Create /home/node/.openclaw/workspace/clone/DECISIONS.md with these sections:
## Handle Without Me
[Types of requests I can respond to directly]
## Draft For My Review
[Types of requests where you write the response but I send it after checking]
## Escalate Immediately
[What you send to me via Telegram without attempting to handle]
## How I Decline
[Paste examples of how I say no]
## How I Buy Time
[Paste examples of how I defer without committing]
## Priority Signals
[What words, senders, or contexts indicate high priority for me]
The most common mistake in decision frameworks
The most common mistake is making the “handle without me” category too small out of caution. If the clone escalates 90% of requests, it saves you no time. Start with a generous “handle without me” list and tighten it over time based on cases where the clone got it wrong. The goal is to find the line, not to stay far away from it.

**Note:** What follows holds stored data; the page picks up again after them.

lemma equidist_heights_nonempty_bounded:
  fixes K :: "('a::euclidean_space \<times> real) set"
  assumes "closed K" and "(xs, ys) \<in> K" and "ys \<le> 0"
    and cont: "continuous_on UNIV f" and pos: "\<And>x. 0 < f x" and disj: "K \<inter> epi_graph f = {}"
  shows "equidist_heights K (epi_graph f) x \<noteq> {}"
    and "bdd_below (equidist_heights K (epi_graph f) x)"
    and "bdd_above (equidist_heights K (epi_graph f) x)"
proof -
  let ?S = "equidist_heights K (epi_graph f) x"
  have "K \<noteq> {}" using assms(2) by blast
  obtain yl where below: "\<And>y. y \<le> yl \<Longrightarrow> infdist (x, y) K < infdist (x, y) (epi_graph f)"
    using infdist_less_infdist_epi_graph_below[OF cont pos assms(2,3)] by blast
  have "(x, f x) \<notin> K"
    using disj by auto
  then have "infdist (x, f x) (epi_graph f) \<le> infdist (x, f x) K"
    by (simp add: infdist_nonneg)
  then show "?S \<noteq> {}"
    using equidist_height_between[of x yl K "epi_graph f" "f x"] below[of yl] by fastforce
  have "yl < y" if "y \<in> ?S" for y
    using below[of y] that by (force simp: equidist_heights_def)
  then show "bdd_below ?S"
    by (intro bdd_belowI[of _ yl]) (simp add: less_imp_le)
  have "y < f x" if "y \<in> ?S" for y
    using equidist_heights_less[OF assms(1) \<open>K \<noteq> {}\<close> disj that] .
  then show "bdd_above ?S"
    by (intro bdd_aboveI[of _ "f x"]) (simp add: less_imp_le)
qed

lemma equidist_lower_eq_upper_if_down_closed:
  fixes K :: "('a::euclidean_space \<times> real) set"
  assumes "closed K" and "down_closed_above_zero K" and "(xs, ys) \<in> K" and "ys \<le> 0"
    and cont: "continuous_on UNIV f" and pos: "\<And>x. 0 < f x" and disj: "K \<inter> epi_graph f = {}"
  shows "equidist_lower K (epi_graph f) x = equidist_upper K (epi_graph f) x"
proof -
  let ?S = "equidist_heights K (epi_graph f) x"
  have "K \<noteq> {}" using assms(3) by blast
  obtain y0 where "y0 \<in> ?S"
    using equidist_heights_nonempty_bounded(1)[OF assms(1,3,4) cont pos disj] by blast
  have not_above: "y \<notin> ?S" if "y' \<in> ?S" "y' < y" for y y'
    using infdist_epi_graph_less_above_equidistant[OF assms(1) \<open>K \<noteq> {}\<close> assms(2) cont pos disj that(1),
        of "y - y'"] that(2) by (simp add: equidist_heights_def)
  have "y = y0" if "y \<in> ?S" for y
    using not_above[of y0 y] not_above[of y y0] that \<open>y0 \<in> ?S\<close>
    by (cases y y0 rule: linorder_cases) auto
  then have "?S = {y0}"
    using \<open>y0 \<in> ?S\<close> by blast
  then show ?thesis
    by (simp add: equidist_lower_eq_Inf equidist_upper_eq_Sup)
qed

lemma equidist_lower_less_upper:
  fixes K :: "('a::euclidean_space \<times> real) set"
  assumes "closed K" and "(xs, ys) \<in> K" and "ys \<le> 0"
    and cont: "continuous_on UNIV f" and pos: "\<And>x. 0 < f x" and disj: "K \<inter> epi_graph f = {}"
    and "(x, yt) \<in> K" and "ym < yt"
    and gap: "infdist (x, ym) (epi_graph f) < infdist (x, ym) K"
  shows "equidist_lower K (epi_graph f) x < equidist_upper K (epi_graph f) x"
proof -
  let ?L = "epi_graph f"
  let ?S = "equidist_heights K ?L x"
  obtain yl where below: "\<And>y. y \<le> yl \<Longrightarrow> infdist (x, y) K < infdist (x, y) ?L"
    using infdist_less_infdist_epi_graph_below[OF cont pos assms(2,3)] by blast
  define a where "a = min yl ym"
  have "a \<le> ym" "infdist (x, a) K \<le> infdist (x, a) ?L"
    using below[of a] by (simp_all add: a_def)
  then obtain ya where ya: "ya \<le> ym" "ya \<in> ?S"
    using equidist_height_between[of x a K ?L ym] gap max_absorb2[OF \<open>a \<le> ym\<close>] by auto
  then have "ya < ym"
    using gap by (cases "ya = ym") (auto simp: equidist_heights_def)
  have "infdist (x, yt) K \<le> infdist (x, yt) ?L"
    using \<open>(x, yt) \<in> K\<close> by (simp add: infdist_nonneg)
  then obtain yb where yb: "ym \<le> yb" "yb \<in> ?S"
    using equidist_height_between[of x yt K ?L ym] gap \<open>ym < yt\<close> by auto
  then have "ym < yb"
    using gap by (cases "yb = ym") (auto simp: equidist_heights_def)
  have "Inf ?S \<le> ya"
    using ya(2) equidist_heights_nonempty_bounded(2)[OF assms(1-3) cont pos disj] by (rule cInf_lower)
  moreover have "yb \<le> Sup ?S"
    using yb(2) equidist_heights_nonempty_bounded(3)[OF assms(1-3) cont pos disj] by (rule cSup_upper)
  ultimately show ?thesis
    using \<open>ya < ym\<close> \<open>ym < yb\<close> by (simp add: equidist_lower_eq_Inf equidist_upper_eq_Sup)
qed

lemma convex_on_max:
  assumes "convex_on S f" and "convex_on S g"
  shows "convex_on S (\<lambda>x. max (f x) (g x))"
proof (rule convex_onI)
  show "convex S"
    using assms(1) by (rule convex_on_imp_convex)
  fix t :: real and x y
  assume "0 < t" "t < 1" "x \<in> S" "y \<in> S"
  then have "f ((1 - t) *\<^sub>R x + t *\<^sub>R y) \<le> (1 - t) * f x + t * f y"
    and "g ((1 - t) *\<^sub>R x + t *\<^sub>R y) \<le> (1 - t) * g x + t * g y"
    using convex_onD[OF assms(1)] convex_onD[OF assms(2)] by auto
  moreover have "(1 - t) * f x + t * f y \<le> (1 - t) * max (f x) (g x) + t * max (f y) (g y)"
    and "(1 - t) * g x + t * g y \<le> (1 - t) * max (f x) (g x) + t * max (f y) (g y)"
    using \<open>0 < t\<close> \<open>t < 1\<close> by (intro add_mono mult_left_mono; simp)+
  ultimately show "max (f ((1 - t) *\<^sub>R x + t *\<^sub>R y)) (g ((1 - t) *\<^sub>R x + t *\<^sub>R y))
      \<le> (1 - t) * max (f x) (g x) + t * max (f y) (g y)"
    by simp
qed

lemma convex_epi_graph_near_supporting_point:
  fixes K :: "('a::euclidean_space \<times> real) set"
  assumes "bounded K" and "norm e = 1" and supp: "\<And>k. k \<in> K \<Longrightarrow> inner e (fst k) \<le> inner e x"
    and "0 < h" and "0 < \<gamma>"
  shows "\<exists>f. (\<forall>z. 0 < f z) \<and> convex_on UNIV f \<and> K \<inter> epi_graph f = {}
           \<and> infdist (x, h) (epi_graph f) < \<gamma>"
proof -
  obtain B where B: "\<And>k. k \<in> K \<Longrightarrow> norm k \<le> B"
    using assms(1) by (auto simp: bounded_iff)
  define s where "s = \<gamma> / 2"
  define M where "M = (\<bar>B - h\<bar> + 1) / s"
  define f where "f z = h + M * max 0 (s - inner e (z - x))" for z
  have "0 < s"
    using \<open>0 < \<gamma>\<close> by (simp add: s_def)
  then have "0 < M"
    unfolding M_def by (intro divide_pos_pos) auto
  have "0 < f z" for z
    using \<open>0 < h\<close> \<open>0 < M\<close> by (simp add: f_def add_pos_nonneg)
  moreover have "convex_on UNIV (\<lambda>z. s - inner e (z - x))"
    by (rule convex_onI) (simp_all add: algebra_simps)
  then have "convex_on UNIV f"
    unfolding f_def using \<open>0 < M\<close>
    by (intro convex_on_add convex_on_cmul convex_on_max) (simp_all add: convex_on_const)
  moreover have "K \<inter> epi_graph f = {}"
  proof (rule ccontr)
    assume "K \<inter> epi_graph f \<noteq> {}"
    then obtain u v where uv: "(u, v) \<in> K" "f u \<le> v" by auto
    \<comment> \<open>the wall has slope M, too steep for the bounded set K behind the hyperplane\<close>
    have "M * s \<le> M * max 0 (s - inner e (u - x))"
      using supp[OF uv(1)] \<open>0 < M\<close> by (intro mult_left_mono) (simp_all add: inner_diff_right)
    also have "\<dots> \<le> v - h"
      using uv(2) by (simp add: f_def)
    also have "v \<le> B"
      using B[OF uv(1)] norm_snd_le[of v u] by simp
    then have "v - h \<le> \<bar>B - h\<bar>" by simp
    finally show False
      using \<open>0 < s\<close> by (simp add: M_def)
  qed
  moreover have "infdist (x, h) (epi_graph f) < \<gamma>"
  proof -
    have "inner e e = 1"
      using \<open>norm e = 1\<close> by (simp add: power2_norm_eq_inner[symmetric])
    then have "(x + s *\<^sub>R e, h) \<in> epi_graph f"
      by (simp add: f_def)
    moreover have "dist (x, h) (x + s *\<^sub>R e, h) = s"
      using \<open>norm e = 1\<close> \<open>0 < s\<close> by (simp add: dist_Pair_Pair dist_norm)
    ultimately have "infdist (x, h) (epi_graph f) \<le> s"
      by (metis infdist_le)
    then show ?thesis
      using \<open>0 < \<gamma>\<close> by (simp add: s_def)
  qed
  ultimately show ?thesis
    by blast
qed

lemma vertical_gap_notin_fst_lower_part:
  fixes K :: "('a::real_vector \<times> real) set"
  assumes "convex K" and "(x0, y1) \<notin> K" and "(x0, y2) \<in> K" and "y1 < y2"
  shows "x0 \<notin> fst ` (K \<inter> {p. snd p \<le> y1})"
proof
  assume "x0 \<in> fst ` (K \<inter> {p. snd p \<le> y1})"
  then obtain y0 where "(x0, y0) \<in> K" "y0 \<le> y1"
    by force
  then have "y0 < y1"
    using assms(2) by (cases "y0 = y1") auto
  define \<mu> where "\<mu> = (y1 - y0) / (y2 - y0)"
  have "0 \<le> \<mu>" "\<mu> \<le> 1"
    using \<open>y0 < y1\<close> assms(4) by (simp_all add: \<mu>_def)
  then have "(x0, (1 - \<mu>) * y0 + \<mu> * y2) \<in> K"
    using convexD[OF assms(1) \<open>(x0, y0) \<in> K\<close> assms(3), of "1 - \<mu>" \<mu>] by simp
  moreover have "\<mu> * (y2 - y0) = y1 - y0"
    using \<open>y0 < y1\<close> assms(4) by (simp add: \<mu>_def)
  then have "(1 - \<mu>) * y0 + \<mu> * y2 = y1"
    by (simp add: algebra_simps)
  ultimately have "(x0, y1) \<in> K"
    by simp
  then show False
    using assms(2) by contradiction
qed

lemma separating_hyperplane_closed_point_unit:
  fixes z :: "'a::euclidean_space"
  assumes "convex S" and "closed S" and "S \<noteq> {}" and "z \<notin> S"
  shows "\<exists>e \<beta>. norm e = 1 \<and> \<beta> < inner e z \<and> (\<forall>x\<in>S. inner e x < \<beta>)"
proof -
  obtain a b where ab: "inner a z < b" "\<And>x. x \<in> S \<Longrightarrow> b < inner a x"
    using separating_hyperplane_closed_point[OF assms(1,2,4)] by blast
  then have "a \<noteq> 0"
    using assms(3) by fastforce
  define e where "e = - (1 / norm a) *\<^sub>R a"
  have "norm e = 1"
    using \<open>a \<noteq> 0\<close> by (simp add: e_def)
  moreover have "- b / norm a < inner e z"
    using ab(1) \<open>a \<noteq> 0\<close> by (simp add: e_def divide_strict_right_mono)
  moreover have "inner e x < - b / norm a" if "x \<in> S" for x
    using ab(2)[OF that] \<open>a \<noteq> 0\<close> by (simp add: e_def divide_strict_right_mono)
  ultimately show ?thesis
    by blast
qed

Layer 4: The routing layer
The routing layer controls how messages reach the clone and how its outputs reach people. For most personal clones, the routing setup is:
- Inbound: Messages from specific senders (Telegram contacts, Discord DMs) go to the clone agent
- Outbound: The clone sends its responses to you for review before they go to the original sender, or posts them directly if they’re in the “handle without me” category
- Escalation: Anything in the “escalate immediately” category pings you directly via Telegram or Discord
Read my clone/DECISIONS.md. Then help me set up the routing: messages from [sender IDs I specify] should go to this agent. For any message classified as “handle without me”, reply directly to the sender. For any message classified as “draft for my review”, send me the draft via Telegram with the original message and a 2-option reply: APPROVE to send as-is, or REVISE with notes to rewrite. For any message classified as “escalate immediately”, send me a Telegram alert and do not reply to the sender. Show me the routing configuration before activating it.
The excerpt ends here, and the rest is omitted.